The bureau had over time grown to vast proportions. Critics claimed that the organization's massive size inhibited its progress and slowed action. The number of BIA employees over a century illustrates this growth: 1852 (108), 1888 (1725), 1911 (6000), 1934 (12,000), and from 1934 to the 1970s (11,000 to 16,000) (Taylor, 1984: 35). The main cause of this increase was the multiplication of divisions—such as forestry, health, and education—whose responsibility the BIA obtained and that required greater numbers of specialized personnel. In response in part to the bureau's unwieldy administration, American Indian students created the National Indian Youth Council (NIYC) in 1961 and took actions to protest the bureau's policies and decisions. One of the youth council's actions was the protest against fishing rules.
However, the council's most significant act against the BIA was the sit-in organized in Washington, District of Columbia, near the White House on November 2, 1972. The goal was to protest against the lack of respect for treaties. Native people from many different states traveled to Washington for the protest, which was named the Trail of Broken Treaties.
International press coverage and numerous signs of public support in favor of the Natives put the government in a delicate situation at a time of pre-electoral campaigns. However, no agreement seemed possible between the government (which wanted the sites to be abandoned) and the Natives (who asked for a guarantee of major future changes in the BIA). Soon after the elections, the government agreed to limited changes: to examine the nomination of Natives to federal offices, to extend the percentage of Natives employed by the bureau, to accelerate the entire assistance process, and to improve development programs in reservations. In exchange, the Natives left their sites on November 7, 1972, but declared that they had put BIA files proving the corruption of its members in a safe place. Louis Bruce, Indian Affairs commissioner, lost his job. Despite the promises, the regional offices did not change in any way.
Some changes however were noticed, as in July 1972 when the BIA offered the Navajos self-rule, which meant the transfer of bureau functions on the reservations to the Navajos. Moreover in 1975, the Indian Self-Determination and Educational Act implemented self-determination policies.

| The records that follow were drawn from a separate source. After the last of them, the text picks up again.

lemma imaginary_eigenvalue_2x2:
  fixes a b c d x1 y1 x2 y2 \<nu> :: real
  assumes e1: "a*x1 + b*y1 = -\<nu>*x2" and e2: "c*x1 + d*y1 = -\<nu>*y2"
    and e3: "a*x2 + b*y2 = \<nu>*x1" and e4: "c*x2 + d*y2 = \<nu>*y1"
    and nz: "x1 \<noteq> 0 \<or> y1 \<noteq> 0 \<or> x2 \<noteq> 0 \<or> y2 \<noteq> 0"
  shows "a*d - b*c = 0 \<or> a + d = 0"
proof -
  define t where "t = a + d"
  define \<delta> where "\<delta> = \<nu>^2 - (a*d - b*c)"
  have f1: "\<nu>*t*x2 = \<delta>*x1" and f2: "\<nu>*t*x1 = -\<delta>*x2"
    and f3: "\<nu>*t*y2 = \<delta>*y1" and f4: "\<nu>*t*y1 = -\<delta>*y2"
    unfolding t_def \<delta>_def using e1 e2 e3 e4 by algebra+
  have "((\<nu>*t)^2 + \<delta>^2) * x1 = 0" "((\<nu>*t)^2 + \<delta>^2) * x2 = 0"
    using f1 f2 by algebra+
  moreover have "((\<nu>*t)^2 + \<delta>^2) * y1 = 0" "((\<nu>*t)^2 + \<delta>^2) * y2 = 0"
    using f3 f4 by algebra+
  ultimately have "(\<nu>*t)^2 + \<delta>^2 = 0" using nz by auto
  then have "\<nu>*t = 0" "\<delta> = 0" by (simp_all add: sum_power2_eq_zero_iff)
  then show ?thesis unfolding t_def \<delta>_def by (auto simp: power2_eq_square)
qed

text \<open>At \<open>q \<in> S\<^sup>2\<close> with \<open>|y| < 1\<close> the tangent plane has the frame \<open>dirD q\<close> (tangent to the circle
  \<open>y = const\<close>) and \<open>tgD q\<close>, the tangential projection of \<open>\<nabla>y\<close>; the dual coordinates are
  \<open>h \<cdot> dirD q\<close> and \<open>h\<^sub>y\<close>, up to the common factor \<open>1 - y\<^sup>2\<close>.\<close>
definition tgD :: "real^3 \<Rightarrow> real^3" where
  "tgD q = vector [0,1,0] - (q$2) *\<^sub>R q"

lemma tangent_frame_decomp:
  assumes "q \<in> S2" "h \<in> tang q"
  shows "(1 - (q$2)^2) *\<^sub>R h = (h \<bullet> dirD q) *\<^sub>R dirD q + (h$2) *\<^sub>R tgD q"
proof -
  have "(q$1)^2 + (q$2)^2 + (q$3)^2 = 1" using assms(1) by (simp add: S2_def norm3_eq_1)
  moreover have "h$1*q$1 + h$2*q$2 + h$3*q$3 = 0" using assms(2) by (simp add: tang_def inner3)
  ultimately show ?thesis
    unfolding vec3_eq_iff dirD_def tgD_def by (simp add: inner3) algebra
qed

lemma linear_tangent_frame:
  assumes lin: "linear L" and q: "q \<in> S2" and h: "h \<in> tang q"
  shows "(1 - (q$2)^2) *\<^sub>R L h = (h \<bullet> dirD q) *\<^sub>R L (dirD q) + (h$2) *\<^sub>R L (tgD q)"
proof -
  have "(1 - (q$2)^2) *\<^sub>R L h = L ((1 - (q$2)^2) *\<^sub>R h)" using linear_cmul[OF lin] by simp
  also have "\<dots> = L ((h \<bullet> dirD q) *\<^sub>R dirD q + (h$2) *\<^sub>R tgD q)"
    using tangent_frame_decomp[OF q h] by simp
  also have "\<dots> = (h \<bullet> dirD q) *\<^sub>R L (dirD q) + (h$2) *\<^sub>R L (tgD q)"
    using linear_add[OF lin] linear_cmul[OF lin] by simp
  finally show ?thesis .
qed

text \<open>Trace and determinant of a linear map restricted to the tangent plane, computed in this frame
  (both up to a positive factor, which is irrelevant for their vanishing).\<close>
definition tan_trace :: "(real^3 \<Rightarrow> real^3) \<Rightarrow> real^3 \<Rightarrow> real" where
  "tan_trace L q = L (dirD q) \<bullet> dirD q + L (tgD q) $ 2"

definition tan_det :: "(real^3 \<Rightarrow> real^3) \<Rightarrow> real^3 \<Rightarrow> real" where
  "tan_det L q = (L (dirD q) \<bullet> dirD q) * (L (tgD q) $ 2) - (L (tgD q) \<bullet> dirD q) * (L (dirD q) $ 2)"

lemma non_hyperbolic_tangent:
  fixes L :: "real^3 \<Rightarrow> real^3"
  assumes lin: "linear L" and q: "q \<in> S2" "\<bar>q$2\<bar> < 1"
    and w: "w1 \<in> tang q" "w2 \<in> tang q" "w1 \<noteq> 0 \<or> w2 \<noteq> 0"
    and eig: "L w1 = (-\<mu>) *\<^sub>R w2" "L w2 = \<mu> *\<^sub>R w1"
  shows "tan_det L q = 0 \<or> tan_trace L q = 0"
proof -
  define f g where "f = dirD q" and "g = tgD q"
  define r where "r = 1 - (q$2)^2"
  have r_pos: "r > 0" unfolding r_def using q(2)
    by (simp add: abs_square_less_1)
  have L_frame: "r *\<^sub>R L h = (h \<bullet> f) *\<^sub>R L f + (h$2) *\<^sub>R L g" if "h \<in> tang q" for h
    using linear_tangent_frame[OF lin q(1) that] unfolding r_def f_def g_def .
  have E1: "r *\<^sub>R ((-\<mu>) *\<^sub>R w2) = (w1 \<bullet> f) *\<^sub>R L f + (w1$2) *\<^sub>R L g"
    using L_frame[OF w(1)] eig by simp
  have E2: "r *\<^sub>R (\<mu> *\<^sub>R w1) = (w2 \<bullet> f) *\<^sub>R L f + (w2$2) *\<^sub>R L g"
    using L_frame[OF w(2)] eig by simp
  have i1: "(L f \<bullet> f)*(w1 \<bullet> f) + (L g \<bullet> f)*(w1$2) = -(\<mu>*r)*(w2 \<bullet> f)"
    using arg_cong[OF E1, of "\<lambda>v. v \<bullet> f"] by (simp add: inner_add_left algebra_simps)
  have i2: "(L f $ 2)*(w1 \<bullet> f) + (L g $ 2)*(w1$2) = -(\<mu>*r)*(w2$2)"
    using arg_cong[OF E1, of "\<lambda>v. v $ 2"] by (simp add: algebra_simps)
  have i3: "(L f \<bullet> f)*(w2 \<bullet> f) + (L g \<bullet> f)*(w2$2) = (\<mu>*r)*(w1 \<bullet> f)"
    using arg_cong[OF E2, of "\<lambda>v. v \<bullet> f"] by (simp add: inner_add_left algebra_simps)
  have i4: "(L f $ 2)*(w2 \<bullet> f) + (L g $ 2)*(w2$2) = (\<mu>*r)*(w1$2)"
    using arg_cong[OF E2, of "\<lambda>v. v $ 2"] by (simp add: algebra_simps)
  have "w1 \<bullet> f \<noteq> 0 \<or> w1$2 \<noteq> 0 \<or> w2 \<bullet> f \<noteq> 0 \<or> w2$2 \<noteq> 0"
  proof (rule ccontr)
    assume "\<not> ?thesis"
    then have "r *\<^sub>R w1 = 0" "r *\<^sub>R w2 = 0"
      using tangent_frame_decomp[OF q(1) w(1)] tangent_frame_decomp[OF q(1) w(2)]
      unfolding r_def f_def by auto
    then show False using r_pos w(3) by simp
  qed
  from imaginary_eigenvalue_2x2[OF i1 i2 i3 i4 this] show ?thesis
    unfolding tan_det_def tan_trace_def f_def g_def .
qed

definition dmix :: "nat \<Rightarrow> real \<Rightarrow> pvf \<Rightarrow> pvf \<Rightarrow> real^3 \<Rightarrow> real^3 \<Rightarrow> real^3" where
  "dmix m s X Y q h = (1 - s) *\<^sub>R dpoinc m Y q h + s *\<^sub>R dpoinc m X q h"

definition jump :: "nat \<Rightarrow> pvf \<Rightarrow> pvf \<Rightarrow> real^3 \<Rightarrow> real^3" where
  "jump m X Y q = poinc m X q - poinc m Y q"

definition dreg :: "nat \<Rightarrow> (real \<Rightarrow> real) \<Rightarrow> real \<Rightarrow> pvf \<Rightarrow> pvf \<Rightarrow> real^3 \<Rightarrow> real^3 \<Rightarrow> real^3" where
  "dreg m \<phi> \<epsilon> X Y q h = dmix m (\<phi> (q$2/\<epsilon>)) X Y q h
     + (deriv \<phi> (q$2/\<epsilon>) * (h$2/\<epsilon>)) *\<^sub>R jump m X Y q"

lemma reg_deriv:
  assumes "transition_fun \<phi>"
  shows "(reg_field m \<phi> \<epsilon> X Y has_derivative dreg m \<phi> \<epsilon> X Y q) (at q)"
proof -
  have "((\<lambda>q::real^3. q$2/\<epsilon>) has_derivative (\<lambda>h. h$2/\<epsilon>)) (at q)"
    by (rule bounded_linear_imp_has_derivative
        [OF bounded_linear_compose[OF bounded_linear_divide bounded_linear_vec_nth]])
  moreover have "(\<phi> has_derivative (\<lambda>x. deriv \<phi> (q$2/\<epsilon>) * x)) (at (q$2/\<epsilon>))"
    using transition_fun_deriv(1)[OF assms] by (simp add: has_field_derivative_def)
  ultimately have scaled:
    "((\<lambda>q::real^3. \<phi> (q$2/\<epsilon>)) has_derivative (\<lambda>h. deriv \<phi> (q$2/\<epsilon>) * (h$2/\<epsilon>))) (at q)"
    using has_derivative_compose by fastforce
  have "reg_field m \<phi> \<epsilon> X Y =
      (\<lambda>q. (1 - \<phi> (q$2/\<epsilon>)) *\<^sub>R poinc m Y q + \<phi> (q$2/\<epsilon>) *\<^sub>R poinc m X q)"
    by (rule ext) (simp add: reg_field_def)
  then show ?thesis unfolding dreg_def dmix_def jump_def
    by (simp only:) (rule derivative_eq_intros scaled poinc_deriv refl | simp add: algebra_simps)+
qed

lemma hyp_sing_iff_derivative:
  assumes "(F has_derivative F') (at p)"
  shows "hyp_sing F p \<longleftrightarrow> F p = 0 \<and>
     \<not> (\<exists>\<mu> w1 w2. w1 \<in> tang p \<and> w2 \<in> tang p \<and> (w1 \<noteq> 0 \<or> w2 \<noteq> 0) \<and>
          F' w1 = (- \<mu>) *\<^sub>R w2 \<and> F' w2 = \<mu> *\<^sub>R w1)"
  using frechet_derivative_at[OF assms] differentiableI[OF assms] unfolding hyp_sing_def by auto

lemma reg_non_hyperbolic_tangent:
  assumes \<phi>: "transition_fun \<phi>" and q: "q \<in> S2" "\<bar>q$2\<bar> < 1"
    and zero: "reg_field m \<phi> \<epsilon> X Y q = 0" and non_hyp: "\<not> hyp_sing (reg_field m \<phi> \<epsilon> X Y) q"
  shows "tan_det (dreg m \<phi> \<epsilon> X Y q) q = 0 \<or> tan_trace (dreg m \<phi> \<epsilon> X Y q) q = 0"
proof -
  note der = reg_deriv[OF \<phi>, of m \<epsilon> X Y q]
  obtain \<mu> w1 w2 where "w1 \<in> tang q" "w2 \<in> tang q" "w1 \<noteq> 0 \<or> w2 \<noteq> 0"
      "dreg m \<phi> \<epsilon> X Y q w1 = (- \<mu>) *\<^sub>R w2" "dreg m \<phi> \<epsilon> X Y q w2 = \<mu> *\<^sub>R w1"
    using zero non_hyp unfolding hyp_sing_iff_derivative[OF der] by blast
  then show ?thesis
    using non_hyperbolic_tangent[OF has_derivative_linear[OF der] q] by blast
qed

text \<open>Away from the strip \<open>|y| < \<epsilon>\<close> the regularised field and its derivative agree with \<open>\<P>(X)\<close>
  (for \<open>y > 0\<close>) or \<open>\<P>(Y)\<close> (for \<open>y < 0\<close>), whose singular points are hyperbolic by \<open>G\<^sub>m(1)\<close>.\<close>
lemma reg_hyperbolic_off_strip:
  assumes G: "Gm1 m X Y" and \<phi>: "transition_fun \<phi>"
    and \<epsilon>: "0 < \<epsilon>" and q: "q \<in> S2" "\<epsilon> \<le> \<bar>q$2\<bar>" and zero: "reg_field m \<phi> \<epsilon> X Y q = 0"
  shows "hyp_sing (reg_field m \<phi> \<epsilon> X Y) q"
proof -
  have flat: "deriv \<phi> (q$2/\<epsilon>) = 0"
    using q(2) \<epsilon> by (intro transition_fun_deriv_outside[OF \<phi>]) (simp add: abs_div)
  have same_field: "hyp_sing (reg_field m \<phi> \<epsilon> X Y) q \<longleftrightarrow> hyp_sing (poinc m Z) q"
    if "reg_field m \<phi> \<epsilon> X Y q = poinc m Z q" "dreg m \<phi> \<epsilon> X Y q = dpoinc m Z q" for Z
    unfolding hyp_sing_iff_derivative[OF reg_deriv[OF \<phi>]] hyp_sing_iff_derivative[OF poinc_deriv]
      that ..
  show ?thesis
  proof (cases "q$2 > 0")
    case True
    then have "\<phi> (q$2/\<epsilon>) = 1"
      using q(2) \<epsilon> \<phi> unfolding transition_fun_def by simp
    then have "reg_field m \<phi> \<epsilon> X Y q = poinc m X q" "dreg m \<phi> \<epsilon> X Y q = dpoinc m X q"
      using flat by (simp_all add: reg_field_def dreg_def dmix_def fun_eq_iff)
    moreover have "q \<in> S2 \<inter> Nset" using q True by (simp add: Nset_def)
    ultimately show ?thesis
      using G zero same_field unfolding Gm1_def Sm_cond_def by auto
  next
    case False
    then have "q$2 \<le> -\<epsilon>" "q$2 < 0" using q(2) \<epsilon> by auto
    then have "\<phi> (q$2/\<epsilon>) = 0"
      using \<epsilon> \<phi> unfolding transition_fun_def by (simp add: divide_le_eq)
    then have "reg_field m \<phi> \<epsilon> X Y q = poinc m Y q" "dreg m \<phi> \<epsilon> X Y q = dpoinc m Y q"
      using flat by (simp_all add: reg_field_def dreg_def dmix_def fun_eq_iff)
    moreover have "q \<in> S2 \<inter> Sset" using q \<open>q$2 < 0\<close> by (simp add: Sset_def)
    ultimately show ?thesis
      using G zero same_field unfolding Gm1_def Sm_cond_def by auto
  qed
qed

Under the administration of President Ronald Reagan, the president dealt with the Native people on a "government-to-government basis," and initiated a new policy for economic development. Reagan appointed a presidential Commission on Indian Reservation Economies that submitted a report and recommendations to the office of the president in November 1984. The report underlined the administrative spending of tribal governments, noting that the BIA consumed more than two-thirds of its budget on the organization itself, leaving little monies for investment purposes. In June 1996, another action against the BIA ensued. A class-action lawsuit representing 300,000 American Indians was filed in federal court against the bureau, the United States Treasury, and the Department of the Interior. The suit alleged that the BIA had mishandled $450 million in revenues from mineral leases on lands held in trust for Indians. The suit further alleged that no accurate records were kept of the monies collected and that funds were illegally diverted to other projects.